Bull snakes are pretty
snakes.
We have a lot of them hanging
around.
I try not to kill them because
they do police the area by eating bulls.
No.
Not bulls.
Good grief, what are you talking about.
No, they eat mice and rats and stuff like
that.
They don’t eat squirrels.
Wish they did.
Then the other dogs came into the doll house.
They too wanted a piece of snake.
Me and all the dogs wandered around looking
for pieces of snake and watching Butty have his fun.
Then I saw the head.
I reached for it.
It snapped and then opened up again.
Even when a critter is dead, it often will
move because of nerves.
This dead snake
head was biting because of nerves.
This
diamond shaped snake head was biting because of nerves.
Oh, crap.
This FANGED diamond shaped snake head was biting because of nerves.
I grabbed what dogs I could and yelled at the
rest to get everyone out of the doll house.
Then I carefully reached down and oh, so carefully picked up the
copperhead head and carried it outside the fence line and buried it.
We find lots of copperheads around the house.
They look kinda like bull snakes.
We have a lot of leaves and copperheads love
dead leaves.
We grow plants and water
them a lot.
Copperheads like wet leaves.
It’s interesting.
Steve the cowboy
lives just next door, about a quarter mile away.
He gets a lot of rattlers.
He gets what we call Velvet Tails.
They’re timber rattlers.
We never see rattlers and he never sees
copperheads.
Wonder why that is.
So anyway, I stopped working and went inside the house with the dogs.
Looked very closely at Butty and didn’t see
where he had been bitten.
I texted Ms.
Donna who was in Philadelphia.
Told her
about the incident and told her he was O.K.
I drank some juice and watched Butty.
He was just fine.
After a while I
got up to go back outside.
I looked down
at Butty and saw a little bit of a lump on his cheek.
I looked more closely.
Opened his lips and noticed that he was
bleeding from his gums and his gums were swelling.
Crap.
I texted Ms. Donna and said I’m going to town with Butty.
It was late Saturday afternoon and the vet in
Skiatook, only about 10 miles away, was closed.
As I got onto the highway I called the vet in Owasso, about 20 miles
from Skiatook.
They said they were
closing and they didn’t keep antivenin anyway.
So I headed for the Tulsa animal emergency center, about 40 minutes
away.
Butty sat in the seat next to me and he had his mouth open as he sat there
smiling.
He was drooling and dripping
blood.
The farther we drove the more
profusely he bled.
Only halfway to Tulsa
the car seat was a real mess of drool and blood.
He was really swelling now in his neck and
jaw and mouth.
I thought, crap, what do I
do if he quits breathing.
Well we got there.
He kept tilting his head in a strange way.

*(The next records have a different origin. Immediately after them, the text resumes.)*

(* Let $V$ be a finite set, $C$ a partition of $V$, $k>0$, and let $G=(V,E)$ be the clique graph of $C$ with edge weight $k$. Then for every nonempty $d\subseteq V$, $\frac{w_d}{v_d}\le f_C(d)$.
   Context: The clique graph of a partition $C$ of $V$ with edge weight $k$ is $G=(V,E)$ with $E(i,j)=k$ if $i$ and $j$ lie in the same block of $C$ (including $i=j$) and $E(i,j)=0$ otherwise. For $d\subseteq V$: $v_d=\sum_{i\in d}\sum_{j\in V}E(i,j)$ and $w_d=\sum_{i,j\in d}E(i,j)$. Further $f_C(d)=\max_{c\in C}\frac{|c\cap d|}{|c|}$. *)

theory Defs
  imports Complex_Main "HOL-Library.Disjoint_Sets"
begin

definition clique_graph :: "'a set set \<Rightarrow> real \<Rightarrow> 'a \<Rightarrow> 'a \<Rightarrow> real" where
  "clique_graph C k i j = (if \<exists>c\<in>C. i \<in> c \<and> j \<in> c then k else 0)"

definition vol :: "'a set \<Rightarrow> ('a \<Rightarrow> 'a \<Rightarrow> real) \<Rightarrow> 'a set \<Rightarrow> real" where
  "vol V E d = (\<Sum>i\<in>d. \<Sum>j\<in>V. E i j)"

definition wgt :: "('a \<Rightarrow> 'a \<Rightarrow> real) \<Rightarrow> 'a set \<Rightarrow> real" where
  "wgt E d = (\<Sum>i\<in>d. \<Sum>j\<in>d. E i j)"

definition fC :: "'a set set \<Rightarrow> 'a set \<Rightarrow> real" where
  "fC C d = Max ((\<lambda>c. real (card (c \<inter> d)) / real (card c)) ` C)"

end

theory Submission
  imports Defs
begin

text \<open>Each vertex i lies in exactly one block c of C, and its row of the weight matrix is k on c and
  0 elsewhere. Hence the i-th summand of w_d is k |c \<inter> d| while that of v_d is k |c|, and
  |c \<inter> d| \<le> f_C(d) |c| by the definition of f_C; summing over i \<in> d gives w_d \<le> f_C(d) v_d.\<close>

lemma clique_graph_in_block:
  assumes "disjoint C" "c \<in> C" "i \<in> c"
  shows "clique_graph C k i j = (if j \<in> c then k else 0)"
proof -
  have "(\<exists>c'\<in>C. i \<in> c' \<and> j \<in> c') \<longleftrightarrow> j \<in> c"
    using assms disjointD by blast
  then show ?thesis
    unfolding clique_graph_def by simp
qed

lemma sum_clique_graph_row:
  assumes "disjoint C" "c \<in> C" "i \<in> c" "finite A"
  shows "(\<Sum>j\<in>A. clique_graph C k i j) = k * card (A \<inter> c)"
proof -
  have "(\<Sum>j\<in>A. clique_graph C k i j) = (\<Sum>j\<in>A. if j \<in> c then k else 0)"
    using clique_graph_in_block[OF assms(1-3)] by simp
  also have "\<dots> = k * card (A \<inter> c)"
    using assms(4) by (simp add: sum.If_cases)
  finally show ?thesis .
qed

lemma fC_ge:
  assumes "finite C" "c \<in> C"
  shows "real (card (c \<inter> d)) / real (card c) \<le> fC C d"
  unfolding fC_def using assms by (intro Max_ge) auto

lemma clique_graph_row_le_fC:
  assumes "finite V" "partition_on V C" "k \<ge> 0" "d \<subseteq> V" "i \<in> V"
  shows "(\<Sum>j\<in>d. clique_graph C k i j) \<le> fC C d * (\<Sum>j\<in>V. clique_graph C k i j)"
proof -
  have disj: "disjoint C" and V_Union: "V = \<Union>C"
    using partition_onD1 partition_onD2 assms(2) by auto
  obtain c where c: "c \<in> C" "i \<in> c"
    using assms(5) V_Union by auto
  have "c \<subseteq> V" "finite c"
    using c V_Union assms(1) by (auto intro: finite_subset)
  then have card_c: "card c > 0"
    using c(2) card_gt_0_iff by blast
  have "real (card (c \<inter> d)) \<le> fC C d * real (card c)"
    using fC_ge[OF finite_elements[OF assms(1,2)] c(1), of d] card_c
    by (simp add: divide_le_eq)
  then have "k * card (d \<inter> c) \<le> fC C d * (k * card (V \<inter> c))"
    using \<open>c \<subseteq> V\<close> assms(3) mult_left_mono
    by (fastforce simp: Int_commute Int_absorb1 mult.left_commute)
  then show ?thesis
    using sum_clique_graph_row[OF disj c] assms(1,4) finite_subset by metis
qed

lemma wgt_le_fC_vol:
  assumes "finite V" "partition_on V C" "k \<ge> 0" "d \<subseteq> V"
  shows "wgt (clique_graph C k) d \<le> fC C d * vol V (clique_graph C k) d"
proof -
  have "wgt (clique_graph C k) d \<le> (\<Sum>i\<in>d. fC C d * (\<Sum>j\<in>V. clique_graph C k i j))"
    unfolding wgt_def using clique_graph_row_le_fC[OF assms] assms(4)
    by (intro sum_mono) blast
  also have "\<dots> = fC C d * vol V (clique_graph C k) d"
    unfolding vol_def by (rule sum_distrib_left[symmetric])
  finally show ?thesis .
qed

lemma vol_clique_graph_pos:
  assumes "finite V" "partition_on V C" "k > 0" "d \<subseteq> V" "d \<noteq> {}"
  shows "vol V (clique_graph C k) d > 0"
  unfolding vol_def
proof (rule sum_pos)
  show "finite d" "d \<noteq> {}"
    using assms(1,4,5) finite_subset by auto
  fix i assume "i \<in> d"
  then have "i \<in> V" using assms(4) by auto
  then have "clique_graph C k i i > 0"
    using partition_onD1[OF assms(2)] assms(3) unfolding clique_graph_def by auto
  moreover have "clique_graph C k i j \<ge> 0" for j
    using assms(3) unfolding clique_graph_def by simp
  ultimately show "(\<Sum>j\<in>V. clique_graph C k i j) > 0"
    using \<open>i \<in> V\<close> assms(1) by (metis sum_pos2)
qed

theorem lemma1:
  fixes V :: "'a set" and C :: "'a set set" and k :: real and d :: "'a set"
  assumes "finite V" and "partition_on V C" and "k > 0"
    and "d \<subseteq> V" and "d \<noteq> {}"
  shows "wgt (clique_graph C k) d / vol V (clique_graph C k) d \<le> fC C d"
  using wgt_le_fC_vol[of V C k d] vol_clique_graph_pos[OF assms] assms
  by (simp add: divide_le_eq)

end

The first intake person said that tilting his head like that could mean
a problem.
With copperheads there’s a
reaction in the body that can make you bleed out inside.
Strangely tilting the head is one
symptom.
So ok.
Sure, give him blood
work.
I knew Ms. Donna would want that
for sure even though it did cost $300.
I
tell people that if they say our dog needs a heart transplant Ms. Donna will
whip out the checkbook.
Do I want shots
for pain?
Well, yea I guess so.
He must be in pain.
Probably another hundred.
Now do I want antihistamine?
Well I gave him two Benadryls at home.
Oh no, we need EXPENSIVE antihistamine.
Ok.
Another hundred.
So he’s O.K.
Some dogs – especially small ones – will bleed out.
Some dogs get sick.
Some dogs aren’t really bothered at all.
After they gave him a pain shot he quit the strange tilting of his
head.
He must have been doing that
because it hurt.
He swelled up rudely
for a few days but that was all.
If that
copperhead would have hit me I’d be in the hospital for days.
Old Butty saved my butt.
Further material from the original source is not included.